__TASK GOAL__. Only the final stretch of the data is wanted: reproduce the line containing "t = (\<Sum>k\<le>s." and each line after it, exactly.

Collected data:

▬▬▬▬▬▬▬▬▬▬

(* Let $K$ be a number field, let $\alpha,\beta$ be multiplicatively independent positive rational numbers, and let $F\in K[[x^{\mathbb{R}}]]$ be a Hahn series satisfying nontrivial homogeneous equations $\sum_{i=0}^{d_1}P_i(x)F(x^{\alpha^i})=0$ and $\sum_{i=0}^{d_2}Q_i(x)F(x^{\beta^i})=0$ with $P_i,Q_i\in K[x]$, $P_{d_1}\ne0$, $Q_{d_2}\ne0$. Fix an integer $N>0$. Then there is a positive integer $l$ such that for all integers $m,n$ with $|m|<N$ and $|n|<N$, the Hahn series $F(x^l)$ is $\alpha^n\beta^m$-Mahler, i.e. there exist $e\ge0$ and $R_0,\dots,R_e\in K[x]$ not all zero with $\sum_{j=0}^e R_j(x)F\big(x^{l(\alpha^n\beta^m)^j}\big)=0$.
   Context: $K[[x^{\mathbb{R}}]]$ is the field of Hahn series $\sum_{i\in\mathbb{R}} f_ix^i$ ($f_i\in K$) with well-ordered support; $F(x^\gamma)=\sum_if_ix^{\gamma i}$ for $\gamma>0$. Positive reals $\alpha,\beta$ are multiplicatively independent if $\log\alpha/\log\beta\notin\mathbb{Q}$. *)

theory Defs
  imports "HOL-Analysis.Analysis" "HOL-Computational_Algebra.Polynomial"
begin

definition number_field :: "complex set \<Rightarrow> bool" where
  "number_field K \<longleftrightarrow>
     0 \<in> K \<and> 1 \<in> K \<and>
     (\<forall>a\<in>K. \<forall>b\<in>K. a + b \<in> K \<and> a * b \<in> K \<and> - a \<in> K) \<and>
     (\<forall>a\<in>K. a \<noteq> 0 \<longrightarrow> inverse a \<in> K) \<and>
     (\<exists>B. finite B \<and> B \<subseteq> K \<and>
        (\<forall>z\<in>K. \<exists>c :: complex \<Rightarrow> rat. z = (\<Sum>b\<in>B. of_rat (c b) * b)))"

text \<open>Hahn series with coefficients in K: f i is the coefficient of x^i; support well-ordered.\<close>
definition hahn_series :: "complex set \<Rightarrow> (real \<Rightarrow> complex) \<Rightarrow> bool" where
  "hahn_series K f \<longleftrightarrow> (\<forall>i. f i \<in> K) \<and>
     (\<forall>S. S \<subseteq> {i. f i \<noteq> 0} \<and> S \<noteq> {} \<longrightarrow> (\<exists>m\<in>S. \<forall>s\<in>S. m \<le> s))"

text \<open>F(x^gamma) = sum_i f_i x^(gamma i): coefficient of x^j is f (j / gamma).\<close>
definition hsubst :: "real \<Rightarrow> (real \<Rightarrow> complex) \<Rightarrow> (real \<Rightarrow> complex)" where
  "hsubst \<gamma> f = (\<lambda>j. f (j / \<gamma>))"

definition pmul :: "complex poly \<Rightarrow> (real \<Rightarrow> complex) \<Rightarrow> (real \<Rightarrow> complex)" where
  "pmul p f = (\<lambda>i. \<Sum>k\<le>degree p. coeff p k * f (i - real k))"

definition poly_over :: "complex set \<Rightarrow> complex poly \<Rightarrow> bool" where
  "poly_over K p \<longleftrightarrow> (\<forall>k. coeff p k \<in> K)"

definition mahler :: "complex set \<Rightarrow> real \<Rightarrow> (real \<Rightarrow> complex) \<Rightarrow> bool" where
  "mahler K \<gamma> G \<longleftrightarrow> (\<exists>(e::nat) R. (\<forall>j\<le>e. poly_over K (R j)) \<and> (\<exists>j\<le>e. R j \<noteq> 0) \<and>
      (\<lambda>i. \<Sum>j\<le>e. pmul (R j) (hsubst (\<gamma> ^ j) G) i) = (\<lambda>_. 0))"

definition mult_indep :: "real \<Rightarrow> real \<Rightarrow> bool" where
  "mult_indep a b \<longleftrightarrow> ln a / ln b \<notin> \<rat>"

end

theory Submission
  imports Defs
begin

text \<open>
  Substituting \<open>x\<^sup>s\<close> into the \<open>\<alpha>\<close>-equation and discarding its vanishing lowest terms gives a
  recurrence of some length \<open>L\<^sub>1 \<le> d\<^sub>1\<close>, with nonzero extreme coefficients, among the series
  \<open>F(x\<^bsup>s \<alpha>\<^sup>i\<^esup>)\<close>; likewise for \<open>\<beta>\<close> with \<open>L\<^sub>2 \<le> d\<^sub>2\<close>. Choose \<open>l\<close> so that every \<open>l \<alpha>\<^sup>a \<beta>\<^sup>b\<close>
  with \<open>|a|, |b| \<le> T\<close> is a positive integer. Then both recurrences can be run forwards and
  backwards in \<open>a\<close> and in \<open>b\<close>, so all \<open>F(x\<^bsup>l \<alpha>\<^sup>a \<beta>\<^sup>b\<^esup>)\<close> lie in the \<open>K(x)\<close>-span of the
  \<open>L\<^sub>1 L\<^sub>2 \<le> d\<^sub>1 d\<^sub>2\<close> series with \<open>0 \<le> a < L\<^sub>1\<close>, \<open>0 \<le> b < L\<^sub>2\<close>. For \<open>\<gamma> = \<alpha>\<^sup>n \<beta>\<^sup>m\<close> the
  \<open>d\<^sub>1 d\<^sub>2 + 1\<close> series \<open>F(x\<^bsup>l \<gamma>\<^sup>j\<^esup>)\<close>, \<open>j \<le> d\<^sub>1 d\<^sub>2\<close>, are therefore \<open>K[x]\<close>-linearly dependent.
\<close>

section \<open>Polynomials acting on series\<close>

lemma pmul_eq_sum_atMost:
  assumes "degree p \<le> n"
  shows "pmul p f t = (\<Sum>k\<le>n. coeff p k * f (t - real k))"
  unfolding pmul_def by (rule sum.mono_neutral_left) (auto simp: coeff_eq_0 assms)

lemma pmul_0 [simp]: "pmul 0 f t = 0"
  by (simp add: pmul_def)

lemma pmul_add: "pmul (p + q) f t = pmul p f t + pmul q f t"
proof -
  let ?n = "max (degree p) (degree q)"
  have "degree (p + q) \<le> ?n"
    by (rule degree_add_le) auto
  then show ?thesis
    by (simp add: pmul_eq_sum_atMost[of _ ?n] sum.distrib distrib_right)
qed

lemma pmul_smult: "pmul (smult c p) f t = c * pmul p f t"
  by (simp add: pmul_eq_sum_atMost[OF degree_smult_le] pmul_def sum_distrib_left mult.assoc)

lemma pmul_uminus: "pmul (- p) f t = - pmul p f t"
  by (simp add: pmul_def sum_negf)

lemma pmul_const [simp]: "pmul [:c:] f t = c * f t"
  by (simp add: pmul_def)

lemma pmul_1 [simp]: "pmul 1 f = f"
  by (simp add: pmul_def)

lemma pmul_pCons: "pmul (pCons a p) f t = a * f t + pmul p f (t - 1)"
proof -
  have "pmul (pCons a p) f t = (\<Sum>k\<le>Suc (degree p). coeff (pCons a p) k * f (t - real k))"
    by (rule pmul_eq_sum_atMost) (rule degree_pCons_le)
  also have "\<dots> = a * f t + (\<Sum>k\<le>degree p. coeff p k * f (t - 1 - real k))"
    by (subst sum.atMost_Suc_shift) (simp add: algebra_simps)
  finally show ?thesis
    by (simp add: pmul_def)
qed

lemma pmul_mult: "pmul (p * q) f = pmul p (pmul q f)"
  by (induction p rule: pCons_induct) (auto simp: pmul_add pmul_smult pmul_pCons)

lemma pmul_monom: "pmul (monom 1 s) f t = f (t - real s)"
proof -
  have "pmul (monom 1 s) f t = (\<Sum>k\<le>s. coeff (monom 1 s) k * f (t - real k))"
    by (rule pmul_eq_sum_atMost) (rule degree_monom_le)
  also have "\<dots> = (\<Sum>k\<le>s. if k = s then f (t - real k) else 0)"
    by (rule sum.cong) auto
  finally show ?thesis
    by simp
qed

lemma pmul_sum_left: "pmul (\<Sum>i\<in>I. p i) f t = (\<Sum>i\<in>I. pmul (p i) f t)"
  by (induction I rule: infinite_finite_induct) (simp_all add: pmul_add)

lemma pmul_sum_right: "pmul p (\<lambda>t. \<Sum>i\<in>I. f i t) = (\<lambda>t. \<Sum>i\<in>I. pmul p (f i) t)"
  unfolding pmul_def by (simp add: sum_distrib_left sum.swap[of _ "{..degree p}"])

lemma hsubst_hsubst: "hsubst c (hsubst \<rho> f) = hsubst (c * \<rho>) f"
  by (simp add: hsubst_def divide_divide_eq_left)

▬▬▬▬▬▬▬▬▬▬

__ANSWER__.
  have "pmul (monom 1 s) f t = (\<Sum>k\<le>s. coeff (monom 1 s) k * f (t - real k))"
    by (rule pmul_eq_sum_atMost) (rule degree_monom_le)
  also have "\<dots> = (\<Sum>k\<le>s. if k = s then f (t - real k) else 0)"
    by (rule sum.cong) auto
  finally show ?thesis
    by simp
qed

lemma pmul_sum_left: "pmul (\<Sum>i\<in>I. p i) f t = (\<Sum>i\<in>I. pmul (p i) f t)"
  by (induction I rule: infinite_finite_induct) (simp_all add: pmul_add)

lemma pmul_sum_right: "pmul p (\<lambda>t. \<Sum>i\<in>I. f i t) = (\<lambda>t. \<Sum>i\<in>I. pmul p (f i) t)"
  unfolding pmul_def by (simp add: sum_distrib_left sum.swap[of _ "{..degree p}"])

lemma hsubst_hsubst: "hsubst c (hsubst \<rho> f) = hsubst (c * \<rho>) f"
  by (simp add: hsubst_def divide_divide_eq_left)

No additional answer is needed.